Please click here to read all liners published on this story
--TCS: See indications of growth returning to mid-sized, large accounts 
--CONTEXT: Comments by TCS management at post-earnings concall with analysts 
--TCS: Entering FY27 with confidence with respect to orders 
--TCS: Positive on international business growth in FY27 
--TCS: Employee restructuring programme has been completed 
--TCS: Working closely with Anthropic, will announce partnership very soon 
--TCS: Impact of geopolitical tensions limited to travel, transport industry 
--TCS: Will not shy away from investments for growth, profitability 
--TCS: Most headwinds are behind co, by and large 
--TCS: Deals being renewed on time, by and large

 

By Shakshi Jain and Anand JC

 

NEW DELHI – Tata Consultancy Services Ltd. has entered the financial year 2026-27 (Apr-Mar) with confidence, where it comes to order flow and traction in services, the management of the information technology services major said in a post-earnings conference call with analysts Thursday.

 

"We've a good orderbook getting into FY27...Our new-age services are also gaining traction. So, overall we're getting into the next year (FY27) with a lot of positivity and confidence," Chief Executive Officer and Managing Director K. Krithivasan said.
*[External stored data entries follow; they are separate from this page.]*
lemma path_avoids_leaf:
  assumes p: "is_path V E ps" and leaf: "{e \<in> E. v \<in> e} = {{u, v}}"
    and ends: "hd ps \<noteq> v" "last ps \<noteq> v"
  shows "v \<notin> set ps"
proof
  assume "v \<in> set ps"
  then obtain i where i: "i < length ps" "ps ! i = v" by (metis in_set_conv_nth)
  have ne: "ps \<noteq> []" and dist: "distinct ps" and s: "successively (adj E) ps"
    using p by (auto simp: is_path_def is_walk_iff_successively)
  have "i \<noteq> 0" using i ends(1) ne by (metis hd_conv_nth)
  moreover have "i \<noteq> length ps - 1" using i ends(2) ne by (metis last_conv_nth)
  ultimately have i': "0 < i" "Suc i < length ps" using i(1) by auto
  have "adj E (ps ! (i - 1)) v" "adj E (ps ! Suc i) v"
    using successively_nth[OF s, of "i - 1"] successively_nth[OF s, of i] i i'
    by (simp_all add: adj_commute)
  then have "{ps ! (i - 1), v} \<in> {e \<in> E. v \<in> e}" "{ps ! Suc i, v} \<in> {e \<in> E. v \<in> e}"
    by (simp_all add: adj_def)
  then have "{ps ! (i - 1), v} = {u, v}" "{ps ! Suc i, v} = {u, v}" by (simp_all add: leaf)
  moreover have "ps ! (i - 1) \<noteq> ps ! i" "ps ! Suc i \<noteq> ps ! i" "ps ! (i - 1) \<noteq> ps ! Suc i"
    using dist i(1) i' by (simp_all add: nth_eq_iff_index_eq)
  ultimately show False using i(2) by (auto simp: doubleton_eq_iff)
qed

lemma tree_remove_leaf:
  assumes t: "is_tree V E" and v: "v \<in> V" and leaf: "{e \<in> E. v \<in> e} = {{u, v}}"
  shows "is_tree (V - {v}) (E - {{u, v}})"
proof -
  note sg = is_treeD(1)[OF t]
  have u: "u \<noteq> v" "u \<in> V" using simple_graph_edgeD[OF sg, of u v] leaf by auto
  have avoid: "v \<notin> e" if "e \<in> E - {{u, v}}" for e using that leaf by blast
  have "simple_graph (V - {v}) (E - {{u, v}})"
    unfolding simple_graph_def
  proof (intro conjI ballI)
    show "finite (V - {v})" using is_treeD(2)[OF t] by simp
    fix e assume e: "e \<in> E - {{u, v}}"
    then obtain a b where "e = {a, b}" "a \<noteq> b" "a \<in> V" "b \<in> V"
      using sg unfolding simple_graph_def by blast
    with avoid[OF e] show "\<exists>a b. e = {a, b} \<and> a \<noteq> b \<and> a \<in> V - {v} \<and> b \<in> V - {v}" by blast
  qed
  moreover have "connected_graph (V - {v}) (E - {{u, v}})"
    unfolding connected_graph_def
  proof (intro ballI)
    fix x y assume x: "x \<in> V - {v}" and y: "y \<in> V - {v}"
    obtain ws where ws: "is_walk V E ws" "hd ws = x" "last ws = y"
      using is_treeD(4)[OF t] x y unfolding connected_graph_def by blast
    obtain ps where ps: "is_path V E ps" "hd ps = x" "last ps = y"
      using walk_to_path[OF ws(1)] unfolding ws(2,3) by blast
    have "hd ps \<noteq> v" "last ps \<noteq> v" using ps(2,3) x y by auto
    then have "v \<notin> set ps" by (rule path_avoids_leaf[OF ps(1) leaf])
    have s: "successively (adj E) ps" using ps(1) by (simp add: is_path_def is_walk_iff_successively)
    have "successively (adj (E - {{u, v}})) ps"
    proof (rule successively_mono[OF s])
      fix a b assume "a \<in> set ps" "b \<in> set ps" "adj E a b"
      then show "adj (E - {{u, v}}) a b"
        using \<open>v \<notin> set ps\<close> by (auto simp: adj_def doubleton_eq_iff)
    qed
    then have "is_walk (V - {v}) (E - {{u, v}}) ps"
      using ps(1) \<open>v \<notin> set ps\<close> by (auto simp: is_walk_iff_successively is_path_def)
    then show "\<exists>ws. is_walk (V - {v}) (E - {{u, v}}) ws \<and> hd ws = x \<and> last ws = y"
      using ps by blast
  qed
  moreover have "\<not> is_cycle (V - {v}) (E - {{u, v}}) cs" for cs
    using cycle_mono[of "V - {v}" "E - {{u, v}}" cs V E] is_treeD(5)[OF t] by blast
  moreover have "V - {v} \<noteq> {}" using u by blast
  ultimately show ?thesis unfolding is_tree_def by blast
qed

lemma tree_card_edges:
  assumes "is_tree V E"
  shows "card E = card V - 1"
  using assms
proof (induction "card V" arbitrary: V E rule: less_induct)
  case less
  note sg = is_treeD(1)[OF less.prems]
  show ?case
  proof (cases "2 \<le> card V")
    case False
    have "0 < card V"
      using less.prems is_treeD(2)[OF less.prems] by (simp add: is_tree_def card_gt_0_iff)
    then have "card V = 1" using False by linarith
    then obtain a where a: "V = {a}" by (rule card_1_singletonE)
    have "e \<notin> E" for e
    proof
      assume "e \<in> E"
      then obtain x y where "x \<noteq> y" "x \<in> V" "y \<in> V" using sg unfolding simple_graph_def by blast
      then show False using a by blast
    qed
    then have "E = {}" by blast
    then show ?thesis using a by simp
  next
    case True
    then obtain v u where v: "v \<in> V" and leaf: "{e \<in> E. v \<in> e} = {{u, v}}"
      using tree_has_leaf[OF less.prems] by blast
    have "card (E - {{u, v}}) = card (V - {v}) - 1"
      using less.hyps[OF card_Diff1_less[OF is_treeD(2)[OF less.prems] v]
          tree_remove_leaf[OF less.prems v leaf]] .
    moreover have "{u, v} \<in> E" using leaf by blast
    ultimately have "card E - 1 = card V - 2"
      using v is_treeD(2,3)[OF less.prems] by (simp add: card_Diff_singleton)
    moreover have "0 < card E"
      using \<open>{u, v} \<in> E\<close> is_treeD(3)[OF less.prems] card_gt_0_iff by blast
    ultimately show ?thesis using True by linarith
  qed
qed

section \<open>Segments\<close>

lemma degree_two_third_neighbor:
  assumes "finite E" "degree E x = 2" "{x, a} \<in> E" "{x, b} \<in> E" "{x, c} \<in> E"
    and "a \<noteq> b" "c \<noteq> b"
  shows "c = a"
proof (rule ccontr)
  assume "c \<noteq> a"
  then have "card {{x, a}, {x, b}, {x, c}} = 3"
    using assms(6,7) by (simp add: doubleton_eq_iff)
  moreover have "{{x, a}, {x, b}, {x, c}} \<subseteq> {e \<in> E. x \<in> e}" using assms(3-5) by auto
  then have "card {{x, a}, {x, b}, {x, c}} \<le> 2"
    using card_mono[of "{e \<in> E. x \<in> e}"] assms(1,2) by (simp add: degree_def)
  ultimately show False by simp
qed

lemma segment_adj:
  assumes "is_segment V E vs" "Suc i < length vs"
  shows "adj E (vs ! i) (vs ! Suc i)"
  using assms by (simp add: is_segment_def is_path_def is_walk_def)

lemma segment_start:
  assumes "is_segment V E vs"
  shows "vs ! 0 \<in> V" "{vs ! 0, vs ! 1} \<in> E" "vs ! 0 \<noteq> vs ! 1" "degree E (vs ! 0) \<noteq> 2"
proof -
  have l: "2 \<le> length vs" and p: "is_path V E vs" using assms by (simp_all add: is_segment_def)
  then have ne: "vs \<noteq> []" by auto
  then show "vs ! 0 \<in> V" using p by (auto simp: is_path_def is_walk_def)
  show "{vs ! 0, vs ! 1} \<in> E" using segment_adj[OF assms, of 0] l by (simp add: adj_def)
  show "vs ! 0 \<noteq> vs ! 1" using p l ne nth_eq_iff_index_eq[of vs 0 1] by (simp add: is_path_def)
  show "degree E (vs ! 0) \<noteq> 2" using assms ne by (simp add: is_segment_def hd_conv_nth)
qed

lemma segment_end_index:
  assumes "is_segment V E vs" "j < length vs" "degree E (vs ! j) \<noteq> 2"
  shows "j = 0 \<or> j = length vs - 1"
proof -
  have "\<not> (0 < j \<and> Suc j < length vs)" using assms unfolding is_segment_def by blast
  then show ?thesis using assms(2) by linarith
qed

lemma segments_agree:
  assumes fin: "finite E" and s: "is_segment V E vs" "is_segment V E ws"
    and start: "vs ! 0 = ws ! 0" "vs ! 1 = ws ! 1"
    and i: "i < length vs" "i < length ws"
  shows "vs ! i = ws ! i"
proof -
  have "vs ! i = ws ! i \<and> vs ! Suc i = ws ! Suc i" if "Suc i < length vs" "Suc i < length ws" for i
    using that
  proof (induction i)
    case 0
    then show ?case using start by simp
  next
    case (Suc i)
    then have eq: "vs ! i = ws ! i" "vs ! Suc i = ws ! Suc i" by simp_all
    let ?x = "vs ! Suc i"
    have "degree E ?x = 2" using s(1) Suc.prems by (simp add: is_segment_def)
    moreover have "adj E ?x (vs ! i)" "adj E ?x (vs ! Suc (Suc i))" "adj E ?x (ws ! Suc (Suc i))"
      using segment_adj[OF s(1), of i] segment_adj[OF s(1), of "Suc i"]
        segment_adj[OF s(2), of "Suc i"] Suc.prems eq by (simp_all add: adj_commute)
    moreover have "distinct vs" "distinct ws" using s by (simp_all add: is_segment_def is_path_def)
    then have "vs ! Suc (Suc i) \<noteq> vs ! i" "ws ! Suc (Suc i) \<noteq> ws ! i"
      using Suc.prems by (simp_all add: nth_eq_iff_index_eq)
    ultimately have "ws ! Suc (Suc i) = vs ! Suc (Suc i)"
      using degree_two_third_neighbor[OF fin] eq(1) unfolding adj_def by metis
    then show ?case using eq by simp
  qed
  then show ?thesis using i by (cases i) (auto simp: start)
qed

lemma segment_length_le:
  assumes fin: "finite E" and s: "is_segment V E vs" "is_segment V E ws"
    and start: "vs ! 0 = ws ! 0" "vs ! 1 = ws ! 1"
  shows "length vs \<le> length ws"
proof (rule ccontr)
  assume long: "\<not> length vs \<le> length ws"
  moreover have "2 \<le> length ws" using s(2) by (simp add: is_segment_def)
  ultimately have "degree E (vs ! (length ws - 1)) = 2"
    using s(1) by (simp add: is_segment_def)
  moreover have "vs ! (length ws - 1) = last ws"
    using segments_agree[OF fin s start] \<open>2 \<le> length ws\<close> long
    by (subst last_conv_nth) auto
  ultimately show False using s(2) by (simp add: is_segment_def)
qed

lemma segment_eqI:
  assumes "finite E" "is_segment V E vs" "is_segment V E ws" "vs ! 0 = ws ! 0" "vs ! 1 = ws ! 1"
  shows "vs = ws"
proof -
  have "length vs = length ws"
    using segment_length_le[OF assms] segment_length_le[OF assms(1,3,2) assms(4,5)[symmetric]] by simp
  then show ?thesis using segments_agree[OF assms] by (simp add: nth_equalityI)
qed

lemma is_segment_rev:
  assumes "is_segment V E vs"
  shows "is_segment V E (rev vs)"
proof -
  have "successively (adj E) vs" using assms by (simp add: is_segment_def is_path_def is_walk_iff_successively)
  then have "successively (\<lambda>x y. adj E y x) vs" by (rule successively_mono) (simp add: adj_commute)
  then have "is_path V E (rev vs)"
    using assms by (simp add: is_segment_def is_path_def is_walk_iff_successively)
  moreover have "degree E (rev vs ! i) = 2" if "0 < i" "Suc i < length vs" for i
  proof -
    have "0 < length vs - Suc i" "Suc (length vs - Suc i) < length vs" using that by auto
    then show ?thesis using assms that by (simp add: is_segment_def rev_nth)
  qed
  ultimately show ?thesis using assms by (simp add: is_segment_def hd_rev last_rev)
qed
He said the company is also positive on growth in its international business.

 

The sector bellwether's total contract value for the March quarter was $12 billion and that for the full year was $40.7 billion. It signed three mega deals during the quarter and five such deals during FY26.

 

The company added two new clients during the year in the $100 million-plus club, nine clients in the $50 million-plus category, and 65 clients in the $1 million-plus band. This speaks of the early signs of stability and growth returning to mid-sized and large accounts, Krithivasan said.

 

Krithivasan said the impact of the war in West Asia is so far limited to the company's work in the region and to some extent the travel and transportation industry. However, if tensions persist, the impact may be seen in other areas, he said.  

 

According to Krithivasan, the company is now past all known client-specific headwinds. "By and large, most of the headwinds we know... are behind us, except few that may come up or that we have already accounted for...But I think most of the issues are behind us."

 

The chief executive added that deals are seeing largely on-time renewals. Krithivasan said the company's employee restructuring programme, which was undertaken in FY26, is now done.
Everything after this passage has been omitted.